Nothing but the lines from the line with "l \<in> sets" to the end of the records below should appear in the answer, each exactly as given.

GIVEN RECORDS:
□ □ □ □

lemma mh_dirichlet_scaled_target:
  fixes p :: "real^'n::finite \<Rightarrow> real"
  assumes [measurable]: "p \<in> borel_measurable borel" "(\<lambda>(x, y). q x y) \<in> borel_measurable (borel \<Otimes>\<^sub>M borel)"
    "f \<in> borel_measurable borel"
    and p_nonneg: "\<forall>x. 0 \<le> p x" and l: "0 < l"
  shows "mh_dirichlet (scaled_target p k l) q f
    = ennreal l * mh_dirichlet p (\<lambda>u v. q (coord_scale l k u) (coord_scale l k v)) (f \<circ> coord_scale l k)"
proof -
  let ?T = "coord_scale l k"
  let ?pl = "scaled_target p k l"
  let ?G = "\<lambda>x y. ennreal (q x y * min 1 (?pl y / ?pl x)) * ennreal ((f y - f x)^2)"
  have [measurable]: "(\<lambda>(x, y). ?G x y) \<in> borel_measurable (borel \<Otimes>\<^sub>M borel)"
    by measurable
  have "(\<integral>\<^sup>+x. ennreal (?pl x) * (\<integral>\<^sup>+y. ?G x y \<partial>lborel) \<partial>lborel)
      = ennreal l * (\<integral>\<^sup>+u. ennreal (?pl (?T u)) * (\<integral>\<^sup>+y. ?G (?T u) y \<partial>lborel) \<partial>lborel)"
    using l by (subst nn_integral_coord_scale[where l=l and k=k]) auto
  also have "\<dots> = ennreal l * (\<integral>\<^sup>+u. ennreal (p u / l) * (ennreal l * (\<integral>\<^sup>+v. ?G (?T u) (?T v) \<partial>lborel)) \<partial>lborel)"
    using l by (intro arg_cong2[where f="(*)"] refl nn_integral_cong)
      (simp, subst nn_integral_coord_scale[where l=l and k=k], auto)
  also have "\<dots> = ennreal l * (\<integral>\<^sup>+u. ennreal (p u) * (\<integral>\<^sup>+v. ennreal (q (?T u) (?T v) * min 1 (p v / p u))
      * ennreal ((f (?T v) - f (?T u))^2) \<partial>lborel) \<partial>lborel)"
    using l p_nonneg by (simp add: mult.assoc[symmetric] ennreal_mult'[symmetric])
  finally show ?thesis
    unfolding mh_dirichlet_def o_def by (simp add: ac_simps)
qed

section \<open>Lower bound\<close>

lemma rw_proposal_le_coord_scale:
  assumes "\<And>z. m z \<le> m (coord_scale l k z)" and "0 < s"
  shows "rw_proposal m s u v \<le> rw_proposal m s (coord_scale l k u) (coord_scale l k v)"
proof -
  have "coord_scale l k ((1 / s) *\<^sub>R (v - u))
      = (1 / s) *\<^sub>R (coord_scale l k v - coord_scale l k u)"
    by (simp add: vec_eq_iff algebra_simps)
  then show ?thesis
    using assms(1)[of "(1 / s) *\<^sub>R (v - u)"] assms(2) by (simp add: rw_proposal_def mult_left_mono)
qed

lemma mh_gap_scaled_target_ge:
  fixes p :: "real^'n::finite \<Rightarrow> real"
  assumes [measurable]: "p \<in> borel_measurable borel" "(\<lambda>(x, y). q x y) \<in> borel_measurable (borel \<Otimes>\<^sub>M borel)"
    and p_pos: "\<forall>x. 0 < p x" and q_sym: "\<forall>x y. q x y = q y x"
    and l: "0 < l" and q_le: "\<And>u v. q u v \<le> q (coord_scale l k u) (coord_scale l k v)"
  shows "ennreal l * mh_gap p q \<le> mh_gap (scaled_target p k l) q"
proof -
  have pl_pos: "\<forall>x. 0 < scaled_target p k l x"
    using p_pos l by (simp add: scaled_target_def)
  show ?thesis
    unfolding mh_gap_eq_INF_mh_dirichlet[OF p_pos q_sym] mh_gap_eq_INF_mh_dirichlet[OF pl_pos q_sym]
  proof (intro INF_greatest)
    fix f assume f: "f \<in> L2_01 (scaled_target p k l)"
    then have [measurable]: "f \<in> borel_measurable borel" by (simp add: L2_01_def)
    have "f \<circ> coord_scale l k \<in> L2_01 p"
      using f p_pos l by (simp add: L2_01_scaled_target_iff less_imp_le)
    then have "ennreal l * (INF g\<in>L2_01 p. mh_dirichlet p q g) \<le> ennreal l * mh_dirichlet p q (f \<circ> coord_scale l k)"
      by (intro mult_left_mono INF_lower) simp_all
    also have "\<dots> \<le> ennreal l * mh_dirichlet p (\<lambda>u v. q (coord_scale l k u) (coord_scale l k v)) (f \<circ> coord_scale l k)"
      using p_pos q_le by (intro mult_left_mono mh_dirichlet_mono_proposal) (simp_all add: less_imp_le)
    also have "\<dots> = mh_dirichlet (scaled_target p k l) q f"
      using p_pos l by (simp add: mh_dirichlet_scaled_target less_imp_le)
    finally show "ennreal l * (INF g\<in>L2_01 p. mh_dirichlet p q g) \<le> mh_dirichlet (scaled_target p k l) q f" .
  qed
qed

lemma le_divide_ennreal_if_mult_le:
  assumes "0 < l" and "ennreal l * x \<le> y"
  shows "x \<le> y / ennreal l"
proof -
  have "(x * ennreal l) / ennreal l \<le> y / ennreal l"
    using assms(2) by (intro divide_right_mono_ennreal) (simp add: mult.commute)
  then show ?thesis
    using assms(1) by (simp add: ennreal_mult_divide_eq)
qed

lemma mh_gap_rw_scaled_target_Liminf_ge:
  fixes p m :: "real^'n::finite \<Rightarrow> real" and k :: 'n
  assumes p_dens: "prob_density p" and p_pos: "\<forall>x. 0 < p x"
    and m_dens: "prob_density m" and m_sym: "\<forall>x. m (- x) = m x" and s: "0 < s"
    and m_mono: "\<exists>l0>0. \<forall>x y l. 0 < l \<and> l < l0 \<longrightarrow> m (coord_scale l k (y - x)) \<ge> m (y - x)"
  shows "mh_gap p (rw_proposal m s)
    \<le> Liminf (at_right 0) (\<lambda>l. mh_gap (scaled_target p k l) (rw_proposal m s) / ennreal l)"
proof (rule Liminf_bounded)
  let ?q = "rw_proposal m s"
  have [measurable]: "p \<in> borel_measurable borel" "m \<in> borel_measurable borel"
    using p_dens m_dens by (simp_all add: prob_density_def)
  have q_sym: "\<forall>x y. ?q x y = ?q y x"
    using m_sym by (metis rw_proposal_sym)
  obtain l0 where "0 < l0" and mono: "\<And>l z. 0 < l \<Longrightarrow> l < l0 \<Longrightarrow> m z \<le> m (coord_scale l k z)"
    using m_mono by (metis diff_zero)
  have "mh_gap p ?q \<le> mh_gap (scaled_target p k l) ?q / ennreal l" if "0 < l" "l < l0" for l
    using p_pos q_sym s that mono
    by (intro le_divide_ennreal_if_mult_le mh_gap_scaled_target_ge rw_proposal_le_coord_scale) simp_all
  then show "\<forall>\<^sub>F l in at_right 0. mh_gap p ?q \<le> mh_gap (scaled_target p k l) ?q / ennreal l"
    using eventually_at_right_real[OF \<open>0 < l0\<close>] by (rule eventually_mono[rotated]) auto
qed

section \<open>Lebesgue measure on real^'n as a product measure\<close>

lemma borel_measurable_vec_lambda:
  fixes g :: "'a \<Rightarrow> 'n::finite \<Rightarrow> real"
  assumes "\<And>i. (\<lambda>x. g x i) \<in> borel_measurable M"
  shows "(\<lambda>x. \<chi> i. g x i) \<in> borel_measurable M"
proof (subst borel_measurable_euclidean_space, intro ballI)
  fix j :: "real^'n" assume "j \<in> Basis"
  then obtain i where "j = axis i 1" using axis_inverse by blast
  then show "(\<lambda>x. (\<chi> i. g x i) \<bullet> j) \<in> borel_measurable M"
    using assms by (simp add: inner_axis)
qed

lemma measurable_vec_lambda_fix_coordinate [measurable]:
  "(\<lambda>f. (\<chi> i. if i = k then t else f i) :: real^'n::finite)
    \<in> borel_measurable (PiM (UNIV - {k}) (\<lambda>_. lborel))"
proof (rule borel_measurable_vec_lambda)
  fix i
  show "(\<lambda>f. if i = k then t else f i) \<in> borel_measurable (PiM (UNIV - {k}) (\<lambda>_. lborel))"
    by (cases "i = k") (simp_all add: measurable_component_singleton)
qed

lemma lborel_eq_distr_vec_lambda:
  "(lborel :: (real^'n::finite) measure) = distr (PiM UNIV (\<lambda>_. lborel)) borel (\<lambda>f. \<chi> i. f i)"
proof (rule lborel_eqI)
  interpret product_sigma_finite "\<lambda>_::'n. (lborel::real measure)" by standard
  fix l u :: "real^'n" assume le: "\<And>b. b \<in> Basis \<Longrightarrow> l \<bullet> b \<le> u \<bullet> b"
  have le': "l $ i \<le> u $ i" for i using le[of "axis i 1"] by (simp add: inner_axis)
  have "(\<lambda>f. \<chi> i. f i) -` box l u \<inter> space (PiM UNIV (\<lambda>_. lborel)) = PiE UNIV (\<lambda>i. {l $ i <..< u $ i})"
    by (auto simp: space_PiM box_def Basis_vec_def inner_axis PiE_def extensional_def)
  then have "emeasure (distr (PiM UNIV (\<lambda>_. lborel)) borel (\<lambda>f. \<chi> i. f i)) (box l u)
      = ennreal (\<Prod>i\<in>UNIV. u $ i - l $ i)"
    by (simp add: emeasure_distr emeasure_PiM le' prod_ennreal borel_measurable_vec_lambda)
  also have "(\<Prod>i\<in>UNIV. u $ i - l $ i) = (\<Prod>b\<in>Basis. (u - l) \<bullet> b)"
  proof -
    have B: "(Basis :: (real^'n) set) = (\<lambda>i. axis i 1) ` UNIV"
      by (auto simp: Basis_vec_def)
    have "inj (\<lambda>i::'n. axis i (1::real))"
      by (auto simp: inj_def axis_eq_axis)
    then show ?thesis unfolding B by (subst prod.reindex) (simp_all add: inner_axis)
  qed
  finally show "emeasure (distr (PiM UNIV (\<lambda>_. lborel)) borel (\<lambda>f. \<chi> i. f i)) (box l u)
      = (\<Prod>b\<in>Basis. (u - l) \<bullet> b)" .
qed (simp add: borel_measurable_vec_lambda)

lemma nn_integral_lborel_split_coordinate:
  fixes g :: "real^'n::finite \<Rightarrow> ennreal"
  assumes [measurable]: "g \<in> borel_measurable borel"
  shows "(\<integral>\<^sup>+z. g z \<partial>lborel)
    = (\<integral>\<^sup>+t. (\<integral>\<^sup>+f. g (\<chi> i. if i = k then t else f i) \<partial>PiM (UNIV - {k}) (\<lambda>_. lborel)) \<partial>lborel)"
proof -
  interpret product_sigma_finite "\<lambda>_::'n. (lborel::real measure)" by standard
  have U: "insert k (UNIV - {k}) = (UNIV::'n set)" by auto
  have [measurable]: "(\<lambda>f. \<chi> i. f i) \<in> borel_measurable (PiM UNIV (\<lambda>_. (lborel::real measure)))"
    by (intro borel_measurable_vec_lambda) simp
  have "(\<integral>\<^sup>+z. g z \<partial>lborel) = (\<integral>\<^sup>+f. g (\<chi> i. f i) \<partial>PiM (insert k (UNIV - {k})) (\<lambda>_. lborel))"
    unfolding U by (subst lborel_eq_distr_vec_lambda) (simp add: nn_integral_distr)
  also have "\<dots> = (\<integral>\<^sup>+t. (\<integral>\<^sup>+f. g (\<chi> i. (f(k := t)) i) \<partial>PiM (UNIV - {k}) (\<lambda>_. lborel)) \<partial>lborel)"
    by (rule product_nn_integral_insert_rev) (auto simp: U)
  finally show ?thesis by simp
qed

section \<open>Upper bound\<close>

definition coord_slab :: "'n::finite \<Rightarrow> real \<Rightarrow> (real^'n) set" where
  "coord_slab k l = {y. 0 < y $ k \<and> y $ k \<le> l}"

lemma coord_slab_borel [measurable]: "coord_slab k l \<in> sets borel"
  unfolding coord_slab_def by measurable

lemma coord_scale_in_coord_slab_iff:
  "0 < l \<Longrightarrow> coord_scale l k u \<in> coord_slab k l \<longleftrightarrow> u \<in> coord_slab k 1"
  by (simp add: coord_slab_def zero_less_mult_iff)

□ □ □ □

OUTPUT:
lemma coord_slab_borel [measurable]: "coord_slab k l \<in> sets borel"
  unfolding coord_slab_def by measurable

lemma coord_scale_in_coord_slab_iff:
  "0 < l \<Longrightarrow> coord_scale l k u \<in> coord_slab k l \<longleftrightarrow> u \<in> coord_slab k 1"
  by (simp add: coord_slab_def zero_less_mult_iff)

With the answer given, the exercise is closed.